I ran into an interesting experience of this today as I was dining out for lunch.  I had finished my meal and was waiting to pay for it.  The server had dropped of the bill and then disappeared.  I quickly got out my card and waited to give it back.  Several minutes later I was still waiting.  As the time passed and my server clearly remained busy with other tables, I became more frustrated.  One of my first thoughts was to tip less because of the lack of service.  In a very small way (a dollar difference) I was planning to use my money to influence the behavior, to reward, or in this case punish behavior.  As I wrestled with my emotions it cause me to wonder if it was a good thing or a bad thing to see money as a form of control, and whether any control could really be a good means to an end.

What are we trying to accomplish when we tip?  Are we seeking to reward good service? (A way of thanking the server for a good meal/experience) Are we giving money in hopes of influencing future good actions?  (We tip well now hoping to get even better service the next time.)  Are we simply tipping out of social necessity?  (Since in general restaurants do not pay their servers enough to really survive with out tips.)  Is tipping just another way we use our money to exercise power and control?  As my brain tries to work this one out I come out with unsatisfactory answers on either side.  Using money to control actions seems wrong, but at the same time, isn't that exactly what we do every day when we buy food, pay our bills, and participate in any other part of the service based economy?  Is the real issue with money that how each of us has is so imbalanced, so that a server at a restaurant has to work hard for each dollar that others of us have to give away at our leisure?  Though maybe the real question is why I still cannot type restaurant correctly? (thank you spell checking)

Tuesday, July 12, 2011

Thoughts on Compromise

As someone living in Minnesota who likes football I am confronted daily with three great examples of the challenges of compromise, the NFL Lock-out, a shutdown state government, and a national government heading towards a self-created show-down.  Personally I find the last one the most frustrating because the only reason we have the problem is the same people who cannot decide on whether to raise our debt limit already voted to spend the money.  The state government can blame conflicting messages from voters and the NFL is doing the time honored thing of fighting as hard as possible to get as much as possible.  Regardless they all are great examples of the challenges of compromise.

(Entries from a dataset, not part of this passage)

lemma Lipschitz_AE_deriv_ge_imp_slope_ge:
  fixes f :: "real \<Rightarrow> real"
  assumes lip: "C-lipschitz_on UNIV f"
    and ae: "AE x in lborel. f differentiable (at x) \<and> c \<le> deriv f x"
    and "a \<le> b"
  shows "c * (b - a) \<le> f b - f a"
proof -
  obtain N where "negligible N" and good: "\<And>x. x \<notin> N \<Longrightarrow> f differentiable (at x) \<and> c \<le> deriv f x"
    using AE_completion[OF ae] unfolding eventually_ae_filter_negligible by blast
  have perturbed: "(c - \<delta>) * (b - a) \<le> f b - f a" if "\<delta> > 0" for \<delta>
  proof -
    have "(\<lambda>x. f x - (c - \<delta>) * x) a \<le> (\<lambda>x. f x - (c - \<delta>) * x) b"
    proof (rule Lipschitz_pos_deriv_imp_mono[OF _ \<open>negligible N\<close> _ \<open>a \<le> b\<close>])
      show "(C + \<bar>c - \<delta>\<bar> * 1)-lipschitz_on UNIV (\<lambda>x. f x - (c - \<delta>) * x)"
        by (intro lipschitz_intros lip)
      fix x assume "x \<notin> N"
      then have "(f has_real_derivative deriv f x) (at x)" "c \<le> deriv f x"
        using good DERIV_deriv_iff_real_differentiable by blast+
      then show "\<exists>D>0. ((\<lambda>x. f x - (c - \<delta>) * x) has_real_derivative D) (at x)"
        using that by (intro exI[of _ "deriv f x - (c - \<delta>)"]) (auto intro!: derivative_eq_intros)
    qed
    then show ?thesis by (simp add: algebra_simps)
  qed
  show ?thesis
  proof (cases "a = b")
    case False
    with \<open>a \<le> b\<close> have "b - a > 0" by simp
    show ?thesis
    proof (rule field_le_epsilon)
      fix e :: real assume "e > 0"
      have "(c - e / (b - a)) * (b - a) = c * (b - a) - e"
        using \<open>b - a > 0\<close> by (simp add: field_simps)
      with perturbed[of "e / (b - a)"] \<open>e > 0\<close> \<open>b - a > 0\<close> show "c * (b - a) \<le> f b - f a + e"
        by simp
    qed
  qed simp
qed

lemma Lipschitz_AE_deriv_le_imp_slope_le:
  fixes f :: "real \<Rightarrow> real"
  assumes lip: "C-lipschitz_on UNIV f"
    and ae: "AE x in lborel. f differentiable (at x) \<and> deriv f x \<le> c"
    and "a \<le> b"
  shows "f b - f a \<le> c * (b - a)"
proof -
  have lip': "C-lipschitz_on UNIV (\<lambda>x. - f x)" using lip by simp
  have "AE x in lborel. (\<lambda>x. - f x) differentiable (at x) \<and> - c \<le> deriv (\<lambda>x. - f x) x"
    using ae
  proof eventually_elim
    case (elim x)
    then have "((\<lambda>x. - f x) has_real_derivative - deriv f x) (at x)"
      by (intro DERIV_minus) (simp add: DERIV_deriv_iff_real_differentiable)
    with elim show ?case by (auto simp: DERIV_imp_deriv real_differentiable_def)
  qed
  from Lipschitz_AE_deriv_ge_imp_slope_ge[OF lip' this \<open>a \<le> b\<close>] show ?thesis by simp
qed

lemma bij_if_slope_bounds:
  fixes \<zeta> :: "real \<Rightarrow> real"
  assumes "\<epsilon> > 0"
    and slope: "\<And>x y. x \<le> y \<Longrightarrow> \<epsilon> * (y - x) \<le> \<zeta> y - \<zeta> x \<and> \<zeta> y - \<zeta> x \<le> L\<zeta> * (y - x)"
  shows "bij \<zeta>"
proof (rule bijI)
  have increment: "\<bar>\<zeta> y - \<zeta> x\<bar> \<le> L\<zeta> * \<bar>y - x\<bar>" for x y
  proof (cases "x \<le> y")
    case True
    moreover have "0 \<le> \<epsilon> * (y - x)" using True \<open>\<epsilon> > 0\<close> by simp
    ultimately show ?thesis using slope[OF True] by simp
  next
    case False
    moreover have "0 \<le> \<epsilon> * (x - y)" using False \<open>\<epsilon> > 0\<close> by simp
    ultimately show ?thesis using slope[of y x] by (simp add: abs_minus_commute)
  qed
  moreover have "0 \<le> L\<zeta>" using slope[of 0 1] \<open>\<epsilon> > 0\<close> by simp
  ultimately have "L\<zeta>-lipschitz_on UNIV \<zeta>"
    by (intro lipschitz_onI) (auto simp: dist_real_def)
  then have cont: "continuous_on UNIV \<zeta>" by (rule lipschitz_on_continuous_on)
  have "strict_mono \<zeta>"
  proof (rule strict_monoI)
    fix x y :: real assume "x < y"
    then show "\<zeta> x < \<zeta> y" using slope[of x y] mult_pos_pos[OF \<open>\<epsilon> > 0\<close>, of "y - x"] by simp
  qed
  then show "inj \<zeta>" by (rule strict_mono_imp_inj_on)
  show "surj \<zeta>"
  proof (rule surjI)
    fix c
    define r where "r = \<bar>c - \<zeta> 0\<bar> / \<epsilon>"
    have "r \<ge> 0" "\<epsilon> * r = \<bar>c - \<zeta> 0\<bar>" using \<open>\<epsilon> > 0\<close> by (auto simp: r_def)
    then have "\<zeta> (- r) \<le> c" "c \<le> \<zeta> r" using slope[of "- r" 0] slope[of 0 r] by auto
    then obtain x where "\<zeta> x = c"
      using IVT'[of \<zeta> "- r" c r] continuous_on_subset[OF cont] \<open>r \<ge> 0\<close> by auto
    then show "\<zeta> (inv \<zeta> c) = c" by (metis f_inv_into_f rangeI)
  qed
qed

As the "peace-maker" second child I think I am partially wired towards finding compromise. (as a note to my family who might be reading this, I am not claiming I actually am good at making peace, just that studies tend to say that the second child often falls into that role, I probably also create my own share of conflict as well)  The question comes however, when is compromise a good thing and when is it not.  Are there times that it is better for there to be some conflict, some struggle, in order to work out a solution?  Are there things you simply cannot compromise on?  At least on the national level there seems to be a race to stake out clear uncompromising positions on various issues such as taxes and entitlements before any negotiating actually occurs.  This seems to go against the ideas of compromise.  If you sit down convinced you cannot change your mind, what is the point of negotiation?

Where I get stuck in all of this is between what I think are two equally compelling realities.  As a Christian I have strong opinions informed by my faith.  For example I believe we are called to help the marginalized, the poor, the sick, those in prison, etc and that this call is made quite clear as a key part of what Christ wants us to do.  So I would personally be prone to calling that an uncompromising position.  I would also consider equal treatment for everyone to be a similar position.  So what happens if I were to have to negotiate with someone who did not share my values?  Should I simply refuse to budge, trusting in my reading of scripture and my faith in what God's call for the world is?  Or should I be willing to give up on some of my principles so long as they are giving up on theirs as well?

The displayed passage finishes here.